▶ **About this exercise**
The entries below hold a line with "and r R f p \<beta> h" and a line with "by (rule L1_norm_penalized_min_le)". Return those lines and all that lie between them, exactly and only.

(Excerpts from a dataset)
---*---

lemma character_on_pow_in_subgroup:
  assumes "x [^] (k::nat) \<in> H"
  shows "\<chi> (x [^] k) = \<zeta> ^ k"
proof -
  have "rel_ord H x dvd k"
    using assms pow_in_subgroup_iff_rel_ord_dvd[OF H x] by simp
  then obtain q where k: "k = rel_ord H x * q" ..
  then have "\<chi> (x [^] k) = \<chi> (x [^] rel_ord H x) ^ q"
    using character_on_pow[OF H \<chi> rel_ord(2)[OF H x]] x by (simp add: nat_pow_pow)
  then show ?thesis using \<zeta> by (simp add: k power_mult)
qed

lemma character_on_adjoin_well_defined:
  assumes h: "h \<in> H" "h' \<in> H" and eq: "h \<otimes> x [^] (i::nat) = h' \<otimes> x [^] j"
  shows "\<chi> h * \<zeta> ^ i = \<chi> h' * \<zeta> ^ j"
proof -
  have ordered: "\<chi> h * \<zeta> ^ i = \<chi> h' * \<zeta> ^ j"
    if h: "h \<in> H" "h' \<in> H" and eq: "h \<otimes> x [^] i = h' \<otimes> x [^] j" and "j \<le> (i::nat)"
    for h h' i j
  proof -
    have hG: "h \<in> carrier G" "h' \<in> carrier G" using h H by (auto dest: subgroup.mem_carrier)
    have "(h \<otimes> x [^] (i - j)) \<otimes> x [^] j = h' \<otimes> x [^] j"
      using eq hG x \<open>j \<le> i\<close> by (simp add: m_assoc nat_pow_mult)
    then have h': "h' = h \<otimes> x [^] (i - j)"
      using hG x by (metis right_cancel m_closed nat_pow_closed)
    then have "x [^] (i - j) = inv h \<otimes> h'"
      using hG x by (simp add: inv_solve_left)
    then have "x [^] (i - j) \<in> H"
      using H h by (simp add: subgroup.m_closed subgroup.m_inv_closed)
    then have "\<chi> h' = \<chi> h * \<zeta> ^ (i - j)"
      using h' h \<chi> by (simp add: character_on_pow_in_subgroup character_on_def)
    then have "\<chi> h' * \<zeta> ^ j = \<chi> h * \<zeta> ^ (i - j + j)"
      by (simp add: power_add mult.assoc)
    with \<open>j \<le> i\<close> show ?thesis by simp
  qed
  show ?thesis
    using ordered[OF h eq] ordered[OF h(2,1) eq[symmetric]] by (cases "j \<le> i") simp_all
qed
theorem lemma8p5:
  fixes q :: real
  assumes "1 < q" and "q < 2"
  shows "\<exists>C>0. \<forall>(\<phi>::nat \<Rightarrow> 'a::{real_inner,complete_space}) r R f p \<beta> h.
           orthonormal_basis \<phi> \<and> r > 0 \<and> R > 0 \<and>
           weak_Lq_ball \<phi> q R f \<and> besov_ball \<phi> r R f \<and>
           p \<ge> 1 \<and> \<beta> > 0 \<and> is_L1_penalized_min \<phi> p \<beta> f h \<longrightarrow>
             L1_norm \<phi> p h \<le> C * R powr q * \<beta> powr (1 - q) \<and>
             norm (f - h) \<le> R * real (p + 1) powr (- r) + sqrt C * R powr (q / 2) * \<beta> powr (1 - q / 2)"
proof -
  define C where "C = lasso_L1_const q + lasso_error_const q"
  have C1: "0 < lasso_L1_const q" and C2: "0 < lasso_error_const q"
    using assms by (simp_all add: lasso_L1_const_pos lasso_error_const_pos)
  have "L1_norm \<phi> p h \<le> C * R powr q * \<beta> powr (1 - q) \<and>
      norm (f - h) \<le> R * real (p + 1) powr (- r) + sqrt C * R powr (q / 2) * \<beta> powr (1 - q / 2)"
    if "orthonormal_basis \<phi> \<and> r > 0 \<and> R > 0 \<and> weak_Lq_ball \<phi> q R f \<and> besov_ball \<phi> r R f \<and>
      p \<ge> 1 \<and> \<beta> > 0 \<and> is_L1_penalized_min \<phi> p \<beta> f h"
    for \<phi> :: "nat \<Rightarrow> 'a" and r R f p \<beta> h
  proof
    from that have basis: "orthonormal_basis \<phi>" and "0 < R" "0 < \<beta>" and f: "weak_Lq_ball \<phi> q R f"
      "besov_ball \<phi> r R f" and min: "is_L1_penalized_min \<phi> p \<beta> f h"
      by auto
    have "L1_norm \<phi> p h \<le> lasso_L1_const q * R powr q * \<beta> powr (1 - q)"
      using orthonormal_basis_imp_orthonormal_seq[OF basis] assms(1) \<open>0 < \<beta>\<close> f(1) min
      by (rule L1_norm_penalized_min_le)
    also have "\<dots> \<le> C * R powr q * \<beta> powr (1 - q)"
      using C2 by (intro mult_right_mono) (auto simp: C_def)
    finally show "L1_norm \<phi> p h \<le> C * R powr q * \<beta> powr (1 - q)" .
    have "sqrt (lasso_error_const q) \<le> sqrt C"
      using C1 by (simp add: C_def)
    then show "norm (f - h) \<le> R * real (p + 1) powr (- r) + sqrt C * R powr (q / 2) * \<beta> powr (1 - q / 2)"
      using norm_diff_penalized_min_le[OF basis assms(2) \<open>0 < \<beta>\<close> \<open>0 < R\<close> f min]
      by (smt (verit) mult_right_mono powr_ge_zero)
  qed
  moreover have "0 < C"
    using C1 C2 by (simp add: C_def)
  ultimately show ?thesis
    by blast
qed

end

---*---

▶ **Solution for this task**
    for \<phi> :: "nat \<Rightarrow> 'a" and r R f p \<beta> h
  proof
    from that have basis: "orthonormal_basis \<phi>" and "0 < R" "0 < \<beta>" and f: "weak_Lq_ball \<phi> q R f"
      "besov_ball \<phi> r R f" and min: "is_L1_penalized_min \<phi> p \<beta> f h"
      by auto
    have "L1_norm \<phi> p h \<le> lasso_L1_const q * R powr q * \<beta> powr (1 - q)"
      using orthonormal_basis_imp_orthonormal_seq[OF basis] assms(1) \<open>0 < \<beta>\<close> f(1) min
      by (rule L1_norm_penalized_min_le)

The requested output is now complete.